For each line in the records that contains "open", make a copy.

## INPUT RECORDS
= = = = = = =

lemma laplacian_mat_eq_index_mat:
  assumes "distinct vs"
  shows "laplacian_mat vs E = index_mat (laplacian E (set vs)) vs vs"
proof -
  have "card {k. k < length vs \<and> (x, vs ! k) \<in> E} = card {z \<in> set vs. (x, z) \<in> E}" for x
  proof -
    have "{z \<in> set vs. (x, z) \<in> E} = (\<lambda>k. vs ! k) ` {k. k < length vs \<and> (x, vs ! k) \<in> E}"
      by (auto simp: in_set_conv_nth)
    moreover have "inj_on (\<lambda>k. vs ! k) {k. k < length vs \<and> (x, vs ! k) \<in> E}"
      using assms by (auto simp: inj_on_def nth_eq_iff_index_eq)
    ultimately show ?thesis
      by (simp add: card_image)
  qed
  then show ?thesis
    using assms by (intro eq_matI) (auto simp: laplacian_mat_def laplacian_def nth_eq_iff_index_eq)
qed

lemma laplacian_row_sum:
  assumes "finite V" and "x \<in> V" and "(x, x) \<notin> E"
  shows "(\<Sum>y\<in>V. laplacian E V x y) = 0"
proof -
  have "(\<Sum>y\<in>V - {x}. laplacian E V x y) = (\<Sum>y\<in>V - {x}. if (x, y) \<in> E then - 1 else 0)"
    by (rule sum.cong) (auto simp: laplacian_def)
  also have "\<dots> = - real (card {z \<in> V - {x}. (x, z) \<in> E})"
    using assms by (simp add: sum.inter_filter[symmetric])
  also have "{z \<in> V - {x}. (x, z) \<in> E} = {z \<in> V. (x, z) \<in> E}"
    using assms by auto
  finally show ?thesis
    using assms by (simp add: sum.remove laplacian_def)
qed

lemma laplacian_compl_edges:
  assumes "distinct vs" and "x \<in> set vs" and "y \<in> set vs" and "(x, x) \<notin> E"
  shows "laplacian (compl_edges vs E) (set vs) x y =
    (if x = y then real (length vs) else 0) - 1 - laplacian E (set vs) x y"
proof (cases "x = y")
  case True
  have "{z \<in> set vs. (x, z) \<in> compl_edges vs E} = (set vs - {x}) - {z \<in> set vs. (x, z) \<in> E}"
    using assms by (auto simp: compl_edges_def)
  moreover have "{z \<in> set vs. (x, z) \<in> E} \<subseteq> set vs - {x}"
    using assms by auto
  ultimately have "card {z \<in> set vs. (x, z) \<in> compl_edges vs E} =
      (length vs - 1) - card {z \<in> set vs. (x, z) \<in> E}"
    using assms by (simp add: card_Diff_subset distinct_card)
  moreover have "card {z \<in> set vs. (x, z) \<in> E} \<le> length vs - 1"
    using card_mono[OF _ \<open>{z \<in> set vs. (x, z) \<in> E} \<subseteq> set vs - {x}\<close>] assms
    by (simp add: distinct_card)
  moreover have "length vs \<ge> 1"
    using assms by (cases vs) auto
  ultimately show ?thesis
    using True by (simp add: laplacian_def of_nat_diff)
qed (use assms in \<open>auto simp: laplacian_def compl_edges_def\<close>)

= = = = = = =

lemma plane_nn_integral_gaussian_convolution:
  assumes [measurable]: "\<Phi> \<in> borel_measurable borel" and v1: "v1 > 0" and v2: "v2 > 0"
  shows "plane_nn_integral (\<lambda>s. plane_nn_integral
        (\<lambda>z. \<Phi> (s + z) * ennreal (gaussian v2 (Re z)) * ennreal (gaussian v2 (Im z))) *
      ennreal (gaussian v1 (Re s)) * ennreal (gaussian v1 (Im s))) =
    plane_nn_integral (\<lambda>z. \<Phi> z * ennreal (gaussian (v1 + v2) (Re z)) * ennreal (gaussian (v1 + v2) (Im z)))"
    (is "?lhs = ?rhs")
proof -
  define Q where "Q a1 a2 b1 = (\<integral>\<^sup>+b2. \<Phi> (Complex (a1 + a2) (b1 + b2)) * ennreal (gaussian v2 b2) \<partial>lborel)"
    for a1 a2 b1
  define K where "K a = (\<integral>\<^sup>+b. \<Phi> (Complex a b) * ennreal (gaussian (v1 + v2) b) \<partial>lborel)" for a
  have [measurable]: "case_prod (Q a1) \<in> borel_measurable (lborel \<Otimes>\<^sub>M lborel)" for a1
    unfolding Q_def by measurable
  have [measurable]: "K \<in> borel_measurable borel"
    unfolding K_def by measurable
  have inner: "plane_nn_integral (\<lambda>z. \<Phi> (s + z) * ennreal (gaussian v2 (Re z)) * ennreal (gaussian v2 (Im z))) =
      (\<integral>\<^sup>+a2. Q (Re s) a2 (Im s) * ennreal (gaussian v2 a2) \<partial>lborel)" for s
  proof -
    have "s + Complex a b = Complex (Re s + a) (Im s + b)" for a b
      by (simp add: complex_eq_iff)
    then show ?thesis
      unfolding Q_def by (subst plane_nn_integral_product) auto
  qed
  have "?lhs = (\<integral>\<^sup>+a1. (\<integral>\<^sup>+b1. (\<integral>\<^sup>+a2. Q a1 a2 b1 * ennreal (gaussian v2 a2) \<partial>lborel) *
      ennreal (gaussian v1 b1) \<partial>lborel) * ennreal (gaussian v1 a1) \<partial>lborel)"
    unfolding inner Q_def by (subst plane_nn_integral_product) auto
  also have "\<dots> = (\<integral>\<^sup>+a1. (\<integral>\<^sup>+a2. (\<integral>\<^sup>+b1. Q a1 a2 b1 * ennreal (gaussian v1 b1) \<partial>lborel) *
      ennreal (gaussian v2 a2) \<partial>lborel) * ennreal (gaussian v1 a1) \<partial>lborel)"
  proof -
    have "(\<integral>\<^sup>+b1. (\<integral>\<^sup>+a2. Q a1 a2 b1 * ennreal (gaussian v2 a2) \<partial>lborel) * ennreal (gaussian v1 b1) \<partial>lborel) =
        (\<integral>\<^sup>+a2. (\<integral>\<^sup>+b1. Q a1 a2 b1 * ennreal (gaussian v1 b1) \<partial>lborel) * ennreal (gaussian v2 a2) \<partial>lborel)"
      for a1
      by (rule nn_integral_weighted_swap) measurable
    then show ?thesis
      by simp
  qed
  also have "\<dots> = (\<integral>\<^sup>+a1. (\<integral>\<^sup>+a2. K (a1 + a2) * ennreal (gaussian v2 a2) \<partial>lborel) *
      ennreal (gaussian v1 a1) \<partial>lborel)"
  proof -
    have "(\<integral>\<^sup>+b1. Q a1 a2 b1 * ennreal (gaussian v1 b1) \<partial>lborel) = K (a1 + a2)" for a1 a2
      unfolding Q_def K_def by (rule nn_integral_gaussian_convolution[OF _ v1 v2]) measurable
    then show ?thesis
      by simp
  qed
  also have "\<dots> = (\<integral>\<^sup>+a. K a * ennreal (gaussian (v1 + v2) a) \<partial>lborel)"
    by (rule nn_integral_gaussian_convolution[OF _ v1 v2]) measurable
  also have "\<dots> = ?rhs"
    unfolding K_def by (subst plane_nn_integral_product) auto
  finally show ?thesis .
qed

= = = = = = =

## ANSWER SECTION
    using card_mono[OF _ \<open>{z \<in> set vs. (x, z) \<in> E} \<subseteq> set vs - {x}\<close>] assms
qed (use assms in \<open>auto simp: laplacian_def compl_edges_def\<close>)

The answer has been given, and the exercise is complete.